# What is needed
Could you set down every entry below exactly as it is?

# Collection entries
..........
(* Let ${\bf A},{\bf B}\in\mathbb C^{N\times N}$ be such that ${\bf Q}:={\bf A}\otimes\mathbb 1_N+\mathbb 1_N\otimes{\bf B}^{\rm T}$ is normal and invertible, and let $\mathbf C\in\mathbb C^{N\times N}$. Then the unique solution ${\bf X}$ of ${\bf A}{\bf X}+{\bf X}{\bf B}=\mathbf C$ is given by the (iterated, outer integral in $t$) integral $${\bf X}=\frac1{2\pi}\int_0^\infty{\rm d}t\int_{-\infty}^{\infty}{\rm d}\omega\int_{-\infty}^{\infty}{\rm d}\omega'\,e^{-(\omega^2+\omega'^2)/2}(\mathrm i\omega+\omega')\,e^{-\mathrm i\omega t{\bf A}_H-\mathrm i\omega't{\bf A}_S}\,\mathbf C\,e^{-\mathrm i\omega t{\bf B}_H-\mathrm i\omega't{\bf B}_S}.$$
   Context: For a square matrix ${\bf M}$, ${\bf M}_H:=({\bf M}+{\bf M}^\dagger)/2$ and ${\bf M}_S:=({\bf M}-{\bf M}^\dagger)/(2\mathrm i)$, so ${\bf M}={\bf M}_H+\mathrm i{\bf M}_S$. ${\bf B}^{\rm T}$ is the transpose. *)

theory Defs
  imports "HOL-Analysis.Analysis"
begin

definition cadj :: "complex^'n^'m \<Rightarrow> complex^'m^'n" where
  "cadj M = (\<chi> i j. cnj (M $ j $ i))"

definition csc :: "complex \<Rightarrow> complex^'n^'m \<Rightarrow> complex^'n^'m" where
  "csc c M = (\<chi> i j. c * M $ i $ j)"

definition herm_part :: "complex^'n^'n \<Rightarrow> complex^'n^'n" where
  "herm_part M = csc (1/2) (M + cadj M)"

definition skew_part :: "complex^'n^'n \<Rightarrow> complex^'n^'n" where
  "skew_part M = csc (1 / (2 * \<i>)) (M - cadj M)"

fun mpow :: "complex^'n^'n \<Rightarrow> nat \<Rightarrow> complex^'n^'n" where
  "mpow M 0 = mat 1"
| "mpow M (Suc k) = M ** mpow M k"

definition mexp :: "complex^'n^'n \<Rightarrow> complex^'n^'n" where
  "mexp M = (\<Sum>k. (1 / fact k) *\<^sub>R mpow M k)"

text \<open>Kronecker sum A (x) 1 + 1 (x) B^T, indexed by pairs: entry ((i,j),(k,l)) =
  A_ik delta_jl + delta_ik B^T_jl, with B^T_jl = B_lj.\<close>
definition kron_sum :: "complex^'n^'n \<Rightarrow> complex^'n^'n \<Rightarrow> complex^('n\<times>'n)^('n\<times>'n)" where
  "kron_sum A B = (\<chi> p q. A $ fst p $ fst q * (if snd p = snd q then 1 else 0)
                                 + (if fst p = fst q then 1 else 0) * B $ snd q $ snd p)"

definition normal_mat :: "complex^'n^'n \<Rightarrow> bool" where
  "normal_mat M \<longleftrightarrow> M ** cadj M = cadj M ** M"

end

theory Submission
  imports Defs "HOL-Probability.Probability"
begin

text \<open>The Sylvester operator \<open>T X = A X + X B\<close>, i.e. the Kronecker sum acting on matrices, splits
  as \<open>T = P + j R\<close>, where \<open>P\<close> and \<open>R\<close> are the Sylvester operators of the Hermitian and
  skew-Hermitian parts and \<open>j\<close> is multiplication by \<open>i\<close>; then \<open>T\<^sup>* = P - j R\<close>, and \<open>T\<close> is
  normal exactly when \<open>P\<close> and \<open>R\<close> commute. In that case the integrand is the Gaussian weight
  times \<open>(\<omega>' + j \<omega>) exp (- j \<omega> t P) exp (- j \<omega>' t R) C\<close>, and the two inner integrals are
  Gaussian integrals of operator exponentials: expanding the exponentials and integrating term
  by term against the Gaussian moments gives \<open>2 \<pi> t exp (- t\<^sup>2 T\<^sup>* T / 2) T\<^sup>* C\<close>. For
  \<open>C = T X\<close> this is \<open>2 \<pi>\<close> times the \<open>t\<close>-derivative of \<open>- exp (- t\<^sup>2 T\<^sup>* T / 2) X\<close>, and since
  invertibility of \<open>T\<close> makes \<open>T\<^sup>* T\<close> coercive, this decays like a Gaussian, so the outer
  integral over \<open>t \<ge> 0\<close> equals \<open>2 \<pi> X\<close>.\<close>

section \<open>Bounded endomorphisms of a Euclidean space as a Banach algebra\<close>

text \<open>Bounded linear maps carry no multiplication in the library; this copy of \<open>'v \<Rightarrow>\<^sub>L 'v\<close>,
  with composition as product, is a Banach algebra and so has an exponential.\<close>

typedef (overloaded) 'v endo = "UNIV :: ('v::euclidean_space \<Rightarrow>\<^sub>L 'v) set"
  morphisms endo_blinfun Endo by auto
..........
# Answer to this problem
(* Let ${\bf A},{\bf B}\in\mathbb C^{N\times N}$ be such that ${\bf Q}:={\bf A}\otimes\mathbb 1_N+\mathbb 1_N\otimes{\bf B}^{\rm T}$ is normal and invertible, and let $\mathbf C\in\mathbb C^{N\times N}$. Then the unique solution ${\bf X}$ of ${\bf A}{\bf X}+{\bf X}{\bf B}=\mathbf C$ is given by the (iterated, outer integral in $t$) integral $${\bf X}=\frac1{2\pi}\int_0^\infty{\rm d}t\int_{-\infty}^{\infty}{\rm d}\omega\int_{-\infty}^{\infty}{\rm d}\omega'\,e^{-(\omega^2+\omega'^2)/2}(\mathrm i\omega+\omega')\,e^{-\mathrm i\omega t{\bf A}_H-\mathrm i\omega't{\bf A}_S}\,\mathbf C\,e^{-\mathrm i\omega t{\bf B}_H-\mathrm i\omega't{\bf B}_S}.$$
   Context: For a square matrix ${\bf M}$, ${\bf M}_H:=({\bf M}+{\bf M}^\dagger)/2$ and ${\bf M}_S:=({\bf M}-{\bf M}^\dagger)/(2\mathrm i)$, so ${\bf M}={\bf M}_H+\mathrm i{\bf M}_S$. ${\bf B}^{\rm T}$ is the transpose. *)

theory Defs
  imports "HOL-Analysis.Analysis"
begin

definition cadj :: "complex^'n^'m \<Rightarrow> complex^'m^'n" where
  "cadj M = (\<chi> i j. cnj (M $ j $ i))"

definition csc :: "complex \<Rightarrow> complex^'n^'m \<Rightarrow> complex^'n^'m" where
  "csc c M = (\<chi> i j. c * M $ i $ j)"

definition herm_part :: "complex^'n^'n \<Rightarrow> complex^'n^'n" where
  "herm_part M = csc (1/2) (M + cadj M)"

definition skew_part :: "complex^'n^'n \<Rightarrow> complex^'n^'n" where
  "skew_part M = csc (1 / (2 * \<i>)) (M - cadj M)"

fun mpow :: "complex^'n^'n \<Rightarrow> nat \<Rightarrow> complex^'n^'n" where
  "mpow M 0 = mat 1"
| "mpow M (Suc k) = M ** mpow M k"

definition mexp :: "complex^'n^'n \<Rightarrow> complex^'n^'n" where
  "mexp M = (\<Sum>k. (1 / fact k) *\<^sub>R mpow M k)"

text \<open>Kronecker sum A (x) 1 + 1 (x) B^T, indexed by pairs: entry ((i,j),(k,l)) =
  A_ik delta_jl + delta_ik B^T_jl, with B^T_jl = B_lj.\<close>
definition kron_sum :: "complex^'n^'n \<Rightarrow> complex^'n^'n \<Rightarrow> complex^('n\<times>'n)^('n\<times>'n)" where
  "kron_sum A B = (\<chi> p q. A $ fst p $ fst q * (if snd p = snd q then 1 else 0)
                                 + (if fst p = fst q then 1 else 0) * B $ snd q $ snd p)"

definition normal_mat :: "complex^'n^'n \<Rightarrow> bool" where
  "normal_mat M \<longleftrightarrow> M ** cadj M = cadj M ** M"

end

theory Submission
  imports Defs "HOL-Probability.Probability"
begin

text \<open>The Sylvester operator \<open>T X = A X + X B\<close>, i.e. the Kronecker sum acting on matrices, splits
  as \<open>T = P + j R\<close>, where \<open>P\<close> and \<open>R\<close> are the Sylvester operators of the Hermitian and
  skew-Hermitian parts and \<open>j\<close> is multiplication by \<open>i\<close>; then \<open>T\<^sup>* = P - j R\<close>, and \<open>T\<close> is
  normal exactly when \<open>P\<close> and \<open>R\<close> commute. In that case the integrand is the Gaussian weight
  times \<open>(\<omega>' + j \<omega>) exp (- j \<omega> t P) exp (- j \<omega>' t R) C\<close>, and the two inner integrals are
  Gaussian integrals of operator exponentials: expanding the exponentials and integrating term
  by term against the Gaussian moments gives \<open>2 \<pi> t exp (- t\<^sup>2 T\<^sup>* T / 2) T\<^sup>* C\<close>. For
  \<open>C = T X\<close> this is \<open>2 \<pi>\<close> times the \<open>t\<close>-derivative of \<open>- exp (- t\<^sup>2 T\<^sup>* T / 2) X\<close>, and since
  invertibility of \<open>T\<close> makes \<open>T\<^sup>* T\<close> coercive, this decays like a Gaussian, so the outer
  integral over \<open>t \<ge> 0\<close> equals \<open>2 \<pi> X\<close>.\<close>

section \<open>Bounded endomorphisms of a Euclidean space as a Banach algebra\<close>

text \<open>Bounded linear maps carry no multiplication in the library; this copy of \<open>'v \<Rightarrow>\<^sub>L 'v\<close>,
  with composition as product, is a Banach algebra and so has an exponential.\<close>

typedef (overloaded) 'v endo = "UNIV :: ('v::euclidean_space \<Rightarrow>\<^sub>L 'v) set"
  morphisms endo_blinfun Endo by auto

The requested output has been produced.